Seq2seq과 Attention

언어모델

단어의 시퀀스를 보고 다음 단어에 확률을 할당하는 모델

통계적 언어 모델(Statistical Language Model)

2000년대 초반까지 구글이나 네이버의 번역기로 사용 되던 통계적 언어 모델

참조링크 https://ratsgo.github.io/from%20frequency%20to%20semantics/2017/09/16/LM/

등장한 적 없는 단어나 문장에 대해선 모델링 할 수 없었던던 치명적인 단점

신경망 언어 모델(Neural Network Language Model)

통계적 언어 모델의 단점을 개선하여 나온 모델

참조링크 https://wikidocs.net/45609

임베딩 벡터를 사용하여 단어 유사도를 계산하고 희소 문제(sparsity problem)를 해결

희소문제는 한번도 관측하지 못한 데이터에 대해 0 확률을 부여하는 문제

예측에 정해진 개수의 단어만 참고한다는 단점 여전히 존재

Sequence to Sequence

단고정된 크기의 Weight를 Linear로 처리하는 방식은 유연성의 한계가 존재하였고, 단어 개수에 무관하게 처리할 수 있는 네트워크를 위해 RNN을 고안하게 됨

고정된 크기의 Weight가 선언되지만 입력을 순차적으로 누적하면서 유동적인 크기의 입력을 처리

https://towardsdatascience.com/illustrated-guide-to-recurrent-neural-networks-79e5eb8049c9

여전히 존재하는 문제점

1. 하나의 Weight에 입력을 누적하다보니 입력이 길어질 경우 이전 입력에 대한 정보가 소실되는 기울기 소실(Vanishing Gradient)문제로 초기의 남색 부분의 정보가 끝으로 갈수록 희석됨

이러한 문제는 Long Short-Term Memory가 등장하며 해결 참조링크 https://dgkim5360.tistory.com/entry/understanding-long-short-term-memory-lstm-kr

2. 번역에 사용하기 어려운 문제점

한국어와 영어를 번역할 경우 어순에 따라 차이가 있고 번역의 길이도 같다는 보장이 없기 때문에 문장의 전체를 보고나서 생성하는 구조가 필요했고, 이에 따라 Seq2Seq 구조가 나오게 됨

참조링크 https://papers.nips.cc/paper/5346-sequence-to-sequence-learning-with-neural-networks.pdf

[Sequence to Sequence Learning with Neural Networks] https://papers.nips.cc/paper/5346-sequence-to-sequence-learning-with-neural-networks.pdf

참조링크 https://reniew.github.io/35/

Seq2Seq 구현

import tensorflow as tf

class Encoder(tf.keras.Model):
  def __init__(self, vocab_size, embedding_dim, enc_units):
    super(Encoder, self).__init__()
    self.embedding = tf.keras.layers.Embedding(vocab_size, embedding_dim)
    self.lstm = tf.keras.layers.LSTM(enc_units) # return_sequences 매개변수를 기본값 False로 전달

  def call(self, x):
    print("입력 Shape:", x.shape)

    x = self.embedding(x)
    print("Embedding Layer를 거친 Shape:", x.shape)

    output = self.lstm(x)
    print("LSTM Layer의 Output Shape:", output.shape)

    return output

Encoder 클래스의 반환 값은 곧 컨텍스트 벡터가 됨

vocab_size = 30000
emb_size = 256
lstm_size = 512
batch_size = 1
sample_seq_len = 3
encoder = Encoder(vocab_size, emb_size, lstm_size)
sample_input = tf.zeros((batch_size, sample_seq_len))

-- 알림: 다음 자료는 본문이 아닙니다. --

lemma sum_roots_of_unity_orthogonal:
  fixes m l N :: nat
  assumes "m < N" "l < N"
  shows "(\<Sum>j<N. cis (2*pi*real j*real m/real N) * cnj (cis (2*pi*real j*real l/real N)))
         = (if m = l then of_nat N else 0)"
proof -
  define z where "z = cis (2 * pi * (real m - real l) / real N)"
  have "cis (2*pi*real j*real m/real N) * cnj (cis (2*pi*real j*real l/real N)) = z ^ j" for j
    unfolding z_def Complex.DeMoivre cis_cnj cis_mult by (rule arg_cong[where f = cis])
       (simp add: diff_divide_distrib right_diff_distrib mult.assoc mult.left_commute)
  then have sum_eq: "(\<Sum>j<N. cis (2*pi*real j*real m/real N) * cnj (cis (2*pi*real j*real l/real N)))
      = (\<Sum>j<N. z ^ j)" by simp
  have "z ^ N = cis (2 * pi * (real m - real l))"
    using assms by (simp add: z_def Complex.DeMoivre)
  also have "\<dots> = 1"
    by (metis Ints_diff Ints_of_nat cis_multiple_2pi)
  finally have "z ^ N = 1" .
  then show ?thesis
    unfolding sum_eq using cis_two_pi_frac_eq_1_iff[OF assms] by (auto simp: z_def sum_gp_strict)
qed

lemma discrete_parseval:
  fixes b :: "nat \<Rightarrow> complex" and N :: nat
  shows "(\<Sum>j<N. (cmod (\<Sum>m<N. b m * cis (2*pi*real j*real m/real N)))\<^sup>2)
         = real N * (\<Sum>m<N. (cmod (b m))\<^sup>2)"
proof -
  define w where "w j m = cis (2*pi*real j*real m/real N)" for j m
  have "complex_of_real (\<Sum>j<N. (cmod (\<Sum>m<N. b m * w j m))\<^sup>2)
      = (\<Sum>j<N. (\<Sum>m<N. b m * w j m) * cnj (\<Sum>l<N. b l * w j l))"
    by (simp only: of_real_sum complex_norm_square)
  also have "\<dots> = (\<Sum>j<N. \<Sum>m<N. \<Sum>l<N. b m * cnj (b l) * (w j m * cnj (w j l)))"
    by (intro sum.cong refl, simp only: cnj_sum complex_cnj_mult sum_product, intro sum.cong refl)
       (simp add: mult.commute mult.left_commute)
  also have "\<dots> = (\<Sum>m<N. \<Sum>l<N. \<Sum>j<N. b m * cnj (b l) * (w j m * cnj (w j l)))"
    by (subst sum.swap, rule sum.cong[OF refl], rule sum.swap)
  also have "\<dots> = (\<Sum>m<N. \<Sum>l<N. b m * cnj (b l) * (if m = l then of_nat N else 0))"
    by (simp only: sum_distrib_left[symmetric]) (simp add: w_def sum_roots_of_unity_orthogonal)
  also have "\<dots> = (\<Sum>m<N. b m * cnj (b m) * of_nat N)"
    by (simp add: if_distrib sum.delta cong: if_cong)
  also have "\<dots> = complex_of_real (real N * (\<Sum>m<N. (cmod (b m))\<^sup>2))"
    by (simp only: of_real_mult of_real_sum sum_distrib_left complex_norm_square of_real_of_nat_eq mult_ac)
  finally show ?thesis
    unfolding w_def of_real_eq_iff .
qed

sample_output = encoder(sample_input)    # 컨텍스트 벡터로 사용할 인코더 LSTM의 최종 State값
#result
입력 Shape: (1, 3)
Embedding Layer를 거친 Shape: (1, 3, 256)
LSTM Layer의 Output Shape: (1, 512)

Encoder 클래스의 반환 값을 Decoder에게 전달

class Decoder(tf.keras.Model):
	def __init__(self, vocab_size, embedding_dim, dec_units):
    	super(Decoder, self).__init__()
    	self.embedding = tf.keras.layers.Embedding(vocab_size, embedding_dim)
    	self.lstm = tf.keras.layers.LSTM(dec_units, return_sequences=True)
    	self.fc = tf.keras.layers.Dense(vocab_size)
    	self.softmax = tf.keras.layers.Softmax(axis=-1)
    
    def call(self, x, context_v): # 디코더의 입력 x와 인코더의 컨텍스트 벡터를 인자로 받는다. 
    	print("입력 Shape:", x.shape)
        
        x = self.embedding(x)
        print("Embedding Layer를 거친 shape:", x.shape)
        
        context_v = tf.repeat(tf.expand_dims(context_v, axis=1),
        						repeats=x.shape[1], axis=1)
        x = tf.concat([x, context_v], axis=-1) # 컨텍스트 벡터를 concat
        print("Context Vector가 더해진 shape:", x.shape)
        
        x = self.lstm(x)
        print("LSTM Layer의 Output Shape:", x.shape)
        
        output = self.fc(x)
        print("Decoder last output shape:", output.shape)
        
        return self.softmax(output)

print("Vocab Size: {0}".format(vocab_size))
print("Embedidng Size: {0}".format(emb_size))
print("LSTM Size: {0}".format(lstm_size))
print("Batch Size: {0}".format(batch_size))
print("Sample Sequence Length: {0}\n".format(sample_seq_len))

#result
Vocab Size: 30000
Embedidng Size: 256
LSTM Size: 512
Batch Size: 1
Sample Sequence Length: 3

decoder = Decoder(vocab_size, emb_size, lstm_size)
sample_input = tf.zeros((batch_size, sample_seq_len))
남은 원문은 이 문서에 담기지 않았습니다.